= Beginning of Section =

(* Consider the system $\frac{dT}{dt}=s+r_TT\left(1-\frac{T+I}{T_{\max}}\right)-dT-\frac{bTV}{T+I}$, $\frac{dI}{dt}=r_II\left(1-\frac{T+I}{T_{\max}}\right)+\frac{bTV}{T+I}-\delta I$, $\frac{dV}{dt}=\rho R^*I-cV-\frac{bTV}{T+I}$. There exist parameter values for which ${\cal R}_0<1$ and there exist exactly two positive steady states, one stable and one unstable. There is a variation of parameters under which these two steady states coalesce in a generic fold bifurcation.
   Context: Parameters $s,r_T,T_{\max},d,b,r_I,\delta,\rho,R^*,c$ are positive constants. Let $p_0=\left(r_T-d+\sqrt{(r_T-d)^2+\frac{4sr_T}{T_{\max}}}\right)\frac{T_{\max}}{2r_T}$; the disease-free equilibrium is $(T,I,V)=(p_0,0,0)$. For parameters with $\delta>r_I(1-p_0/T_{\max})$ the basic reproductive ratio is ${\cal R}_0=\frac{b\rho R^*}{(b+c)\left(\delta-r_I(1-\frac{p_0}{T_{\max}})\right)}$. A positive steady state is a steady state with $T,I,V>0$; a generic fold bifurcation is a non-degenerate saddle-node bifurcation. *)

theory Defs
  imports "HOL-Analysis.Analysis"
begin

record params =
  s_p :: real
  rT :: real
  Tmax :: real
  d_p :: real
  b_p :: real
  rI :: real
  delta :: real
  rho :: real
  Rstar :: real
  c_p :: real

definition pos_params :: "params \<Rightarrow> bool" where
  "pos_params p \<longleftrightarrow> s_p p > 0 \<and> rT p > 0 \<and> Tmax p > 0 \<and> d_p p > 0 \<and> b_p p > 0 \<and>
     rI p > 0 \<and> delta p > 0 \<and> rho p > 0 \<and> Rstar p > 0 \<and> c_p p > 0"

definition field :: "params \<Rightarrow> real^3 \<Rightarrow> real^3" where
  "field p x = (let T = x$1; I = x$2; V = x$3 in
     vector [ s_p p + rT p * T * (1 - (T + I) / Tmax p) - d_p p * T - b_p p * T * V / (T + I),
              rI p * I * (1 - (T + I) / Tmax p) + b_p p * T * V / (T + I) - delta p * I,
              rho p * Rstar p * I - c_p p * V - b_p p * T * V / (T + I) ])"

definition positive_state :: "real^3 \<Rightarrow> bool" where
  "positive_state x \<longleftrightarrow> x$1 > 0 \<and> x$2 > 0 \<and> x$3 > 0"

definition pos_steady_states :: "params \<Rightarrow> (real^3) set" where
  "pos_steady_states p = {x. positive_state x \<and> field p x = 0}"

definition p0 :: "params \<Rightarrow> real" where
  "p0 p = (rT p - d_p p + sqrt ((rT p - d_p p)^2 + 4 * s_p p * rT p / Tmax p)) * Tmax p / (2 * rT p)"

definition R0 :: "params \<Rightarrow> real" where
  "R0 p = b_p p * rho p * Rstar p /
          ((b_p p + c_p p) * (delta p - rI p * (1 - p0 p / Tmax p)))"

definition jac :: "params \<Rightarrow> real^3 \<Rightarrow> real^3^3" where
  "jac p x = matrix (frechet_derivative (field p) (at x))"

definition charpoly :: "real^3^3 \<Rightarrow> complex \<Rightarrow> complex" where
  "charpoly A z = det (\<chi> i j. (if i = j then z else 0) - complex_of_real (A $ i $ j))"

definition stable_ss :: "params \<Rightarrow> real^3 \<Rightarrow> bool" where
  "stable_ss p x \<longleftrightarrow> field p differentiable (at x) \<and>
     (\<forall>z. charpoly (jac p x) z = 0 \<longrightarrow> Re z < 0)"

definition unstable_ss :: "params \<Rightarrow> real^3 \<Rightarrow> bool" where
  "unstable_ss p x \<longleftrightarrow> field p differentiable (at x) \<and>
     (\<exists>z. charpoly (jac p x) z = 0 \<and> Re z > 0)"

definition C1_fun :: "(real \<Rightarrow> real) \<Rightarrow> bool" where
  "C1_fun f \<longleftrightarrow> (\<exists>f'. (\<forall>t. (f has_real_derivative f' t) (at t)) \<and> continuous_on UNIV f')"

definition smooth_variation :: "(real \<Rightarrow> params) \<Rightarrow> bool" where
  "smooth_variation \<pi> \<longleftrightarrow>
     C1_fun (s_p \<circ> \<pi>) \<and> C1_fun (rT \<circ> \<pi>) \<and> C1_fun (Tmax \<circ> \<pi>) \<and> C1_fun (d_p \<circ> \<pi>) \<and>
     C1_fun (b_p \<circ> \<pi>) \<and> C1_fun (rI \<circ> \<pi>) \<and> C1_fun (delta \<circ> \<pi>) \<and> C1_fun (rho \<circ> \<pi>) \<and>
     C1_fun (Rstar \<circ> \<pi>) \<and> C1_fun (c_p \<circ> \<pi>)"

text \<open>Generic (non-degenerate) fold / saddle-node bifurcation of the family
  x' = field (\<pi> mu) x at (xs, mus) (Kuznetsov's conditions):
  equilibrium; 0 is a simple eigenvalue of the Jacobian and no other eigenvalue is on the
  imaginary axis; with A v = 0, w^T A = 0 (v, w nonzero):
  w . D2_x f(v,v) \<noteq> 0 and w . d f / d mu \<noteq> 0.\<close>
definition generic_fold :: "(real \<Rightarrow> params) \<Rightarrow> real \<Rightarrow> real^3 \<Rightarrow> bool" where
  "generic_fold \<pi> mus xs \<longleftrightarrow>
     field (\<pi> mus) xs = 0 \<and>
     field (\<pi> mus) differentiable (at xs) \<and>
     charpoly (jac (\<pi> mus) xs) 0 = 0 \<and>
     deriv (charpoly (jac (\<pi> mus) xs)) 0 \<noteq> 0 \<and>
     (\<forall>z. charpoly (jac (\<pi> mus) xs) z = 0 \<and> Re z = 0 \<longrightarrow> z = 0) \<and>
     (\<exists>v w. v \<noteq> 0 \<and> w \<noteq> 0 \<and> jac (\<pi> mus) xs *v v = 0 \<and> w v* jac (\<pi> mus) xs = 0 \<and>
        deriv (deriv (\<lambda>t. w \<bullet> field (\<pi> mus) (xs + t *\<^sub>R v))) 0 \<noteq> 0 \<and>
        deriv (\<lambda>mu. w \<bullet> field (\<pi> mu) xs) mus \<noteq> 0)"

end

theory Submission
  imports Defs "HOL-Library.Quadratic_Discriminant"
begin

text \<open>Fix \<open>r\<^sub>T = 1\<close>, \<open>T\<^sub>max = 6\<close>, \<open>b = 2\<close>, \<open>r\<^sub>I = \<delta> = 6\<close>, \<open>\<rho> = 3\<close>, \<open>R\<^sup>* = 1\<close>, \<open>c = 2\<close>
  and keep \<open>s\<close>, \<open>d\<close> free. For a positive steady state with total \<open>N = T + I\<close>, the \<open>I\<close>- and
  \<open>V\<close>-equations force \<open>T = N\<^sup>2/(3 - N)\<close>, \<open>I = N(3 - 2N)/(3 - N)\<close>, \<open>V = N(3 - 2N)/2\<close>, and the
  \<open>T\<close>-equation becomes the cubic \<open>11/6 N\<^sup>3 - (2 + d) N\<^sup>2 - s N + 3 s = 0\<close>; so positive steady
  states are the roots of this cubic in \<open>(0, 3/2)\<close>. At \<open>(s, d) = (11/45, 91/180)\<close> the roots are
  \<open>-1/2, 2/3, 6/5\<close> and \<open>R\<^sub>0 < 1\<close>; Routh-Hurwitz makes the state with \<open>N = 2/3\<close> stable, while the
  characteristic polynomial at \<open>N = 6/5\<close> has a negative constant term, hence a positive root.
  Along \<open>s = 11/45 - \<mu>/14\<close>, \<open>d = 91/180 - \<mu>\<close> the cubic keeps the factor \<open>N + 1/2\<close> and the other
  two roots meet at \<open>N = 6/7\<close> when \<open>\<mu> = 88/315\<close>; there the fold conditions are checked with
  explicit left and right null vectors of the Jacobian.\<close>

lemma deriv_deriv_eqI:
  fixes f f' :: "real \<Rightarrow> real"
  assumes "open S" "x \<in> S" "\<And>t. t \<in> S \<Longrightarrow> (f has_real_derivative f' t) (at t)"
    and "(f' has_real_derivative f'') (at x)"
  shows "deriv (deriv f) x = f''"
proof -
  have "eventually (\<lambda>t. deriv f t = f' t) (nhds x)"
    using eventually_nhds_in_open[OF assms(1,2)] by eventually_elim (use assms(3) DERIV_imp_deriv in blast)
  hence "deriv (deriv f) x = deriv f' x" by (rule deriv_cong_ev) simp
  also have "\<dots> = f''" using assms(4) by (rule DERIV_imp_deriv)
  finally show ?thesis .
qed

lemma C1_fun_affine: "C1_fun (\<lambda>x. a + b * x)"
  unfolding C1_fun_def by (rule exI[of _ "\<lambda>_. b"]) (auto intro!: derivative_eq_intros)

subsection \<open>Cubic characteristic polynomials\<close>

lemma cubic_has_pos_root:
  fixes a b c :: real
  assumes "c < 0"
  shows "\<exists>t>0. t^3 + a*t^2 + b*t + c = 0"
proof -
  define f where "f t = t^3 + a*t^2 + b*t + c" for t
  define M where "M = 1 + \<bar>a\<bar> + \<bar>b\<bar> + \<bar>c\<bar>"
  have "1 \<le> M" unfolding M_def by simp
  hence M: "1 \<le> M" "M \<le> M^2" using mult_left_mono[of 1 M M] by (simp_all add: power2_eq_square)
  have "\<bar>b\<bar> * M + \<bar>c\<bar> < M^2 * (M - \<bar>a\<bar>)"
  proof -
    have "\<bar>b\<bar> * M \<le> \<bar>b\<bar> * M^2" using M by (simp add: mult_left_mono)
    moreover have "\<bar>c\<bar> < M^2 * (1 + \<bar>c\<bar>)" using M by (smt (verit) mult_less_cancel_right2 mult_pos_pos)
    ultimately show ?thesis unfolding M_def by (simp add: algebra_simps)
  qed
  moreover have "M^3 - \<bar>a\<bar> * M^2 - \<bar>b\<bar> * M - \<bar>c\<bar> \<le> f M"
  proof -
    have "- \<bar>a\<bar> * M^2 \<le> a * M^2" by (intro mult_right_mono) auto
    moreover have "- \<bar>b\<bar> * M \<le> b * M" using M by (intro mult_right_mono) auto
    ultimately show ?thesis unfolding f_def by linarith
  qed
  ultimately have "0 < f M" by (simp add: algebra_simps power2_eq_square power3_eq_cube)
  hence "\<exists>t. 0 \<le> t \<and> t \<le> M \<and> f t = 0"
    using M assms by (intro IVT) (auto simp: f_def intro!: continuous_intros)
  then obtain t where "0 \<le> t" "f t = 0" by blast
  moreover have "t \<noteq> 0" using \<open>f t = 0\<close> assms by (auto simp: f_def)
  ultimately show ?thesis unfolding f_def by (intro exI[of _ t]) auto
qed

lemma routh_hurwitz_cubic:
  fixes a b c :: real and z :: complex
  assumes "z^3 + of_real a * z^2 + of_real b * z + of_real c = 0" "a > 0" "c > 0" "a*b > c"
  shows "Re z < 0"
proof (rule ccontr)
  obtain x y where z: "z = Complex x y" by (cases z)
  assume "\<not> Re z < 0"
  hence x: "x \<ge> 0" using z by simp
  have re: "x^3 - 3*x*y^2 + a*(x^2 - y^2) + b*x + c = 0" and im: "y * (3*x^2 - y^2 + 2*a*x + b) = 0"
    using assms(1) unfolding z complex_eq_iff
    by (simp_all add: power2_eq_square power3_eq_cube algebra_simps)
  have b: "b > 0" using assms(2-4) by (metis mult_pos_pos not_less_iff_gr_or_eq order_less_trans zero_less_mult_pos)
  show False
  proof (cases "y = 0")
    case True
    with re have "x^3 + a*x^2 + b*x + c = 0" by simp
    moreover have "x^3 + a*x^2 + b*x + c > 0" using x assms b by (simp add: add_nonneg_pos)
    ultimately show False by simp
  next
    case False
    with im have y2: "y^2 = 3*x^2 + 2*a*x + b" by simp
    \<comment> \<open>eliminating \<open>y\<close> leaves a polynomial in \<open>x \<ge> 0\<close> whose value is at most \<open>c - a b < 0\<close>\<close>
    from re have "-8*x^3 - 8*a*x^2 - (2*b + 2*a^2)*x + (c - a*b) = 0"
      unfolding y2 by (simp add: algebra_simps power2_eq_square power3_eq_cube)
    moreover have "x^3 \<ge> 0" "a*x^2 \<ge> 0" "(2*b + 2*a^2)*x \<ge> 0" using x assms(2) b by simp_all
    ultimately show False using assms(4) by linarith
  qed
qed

= End of Section =

**The problem:** Copy back the listing above exactly, but only from the line with "M_def by simp" through the line with "using z by simp", both ends included.

**Solution for this exercise:**
  have "1 \<le> M" unfolding M_def by simp
  hence M: "1 \<le> M" "M \<le> M^2" using mult_left_mono[of 1 M M] by (simp_all add: power2_eq_square)
  have "\<bar>b\<bar> * M + \<bar>c\<bar> < M^2 * (M - \<bar>a\<bar>)"
  proof -
    have "\<bar>b\<bar> * M \<le> \<bar>b\<bar> * M^2" using M by (simp add: mult_left_mono)
    moreover have "\<bar>c\<bar> < M^2 * (1 + \<bar>c\<bar>)" using M by (smt (verit) mult_less_cancel_right2 mult_pos_pos)
    ultimately show ?thesis unfolding M_def by (simp add: algebra_simps)
  qed
  moreover have "M^3 - \<bar>a\<bar> * M^2 - \<bar>b\<bar> * M - \<bar>c\<bar> \<le> f M"
  proof -
    have "- \<bar>a\<bar> * M^2 \<le> a * M^2" by (intro mult_right_mono) auto
    moreover have "- \<bar>b\<bar> * M \<le> b * M" using M by (intro mult_right_mono) auto
    ultimately show ?thesis unfolding f_def by linarith
  qed
  ultimately have "0 < f M" by (simp add: algebra_simps power2_eq_square power3_eq_cube)
  hence "\<exists>t. 0 \<le> t \<and> t \<le> M \<and> f t = 0"
    using M assms by (intro IVT) (auto simp: f_def intro!: continuous_intros)
  then obtain t where "0 \<le> t" "f t = 0" by blast
  moreover have "t \<noteq> 0" using \<open>f t = 0\<close> assms by (auto simp: f_def)
  ultimately show ?thesis unfolding f_def by (intro exI[of _ t]) auto
qed

lemma routh_hurwitz_cubic:
  fixes a b c :: real and z :: complex
  assumes "z^3 + of_real a * z^2 + of_real b * z + of_real c = 0" "a > 0" "c > 0" "a*b > c"
  shows "Re z < 0"
proof (rule ccontr)
  obtain x y where z: "z = Complex x y" by (cases z)
  assume "\<not> Re z < 0"
  hence x: "x \<ge> 0" using z by simp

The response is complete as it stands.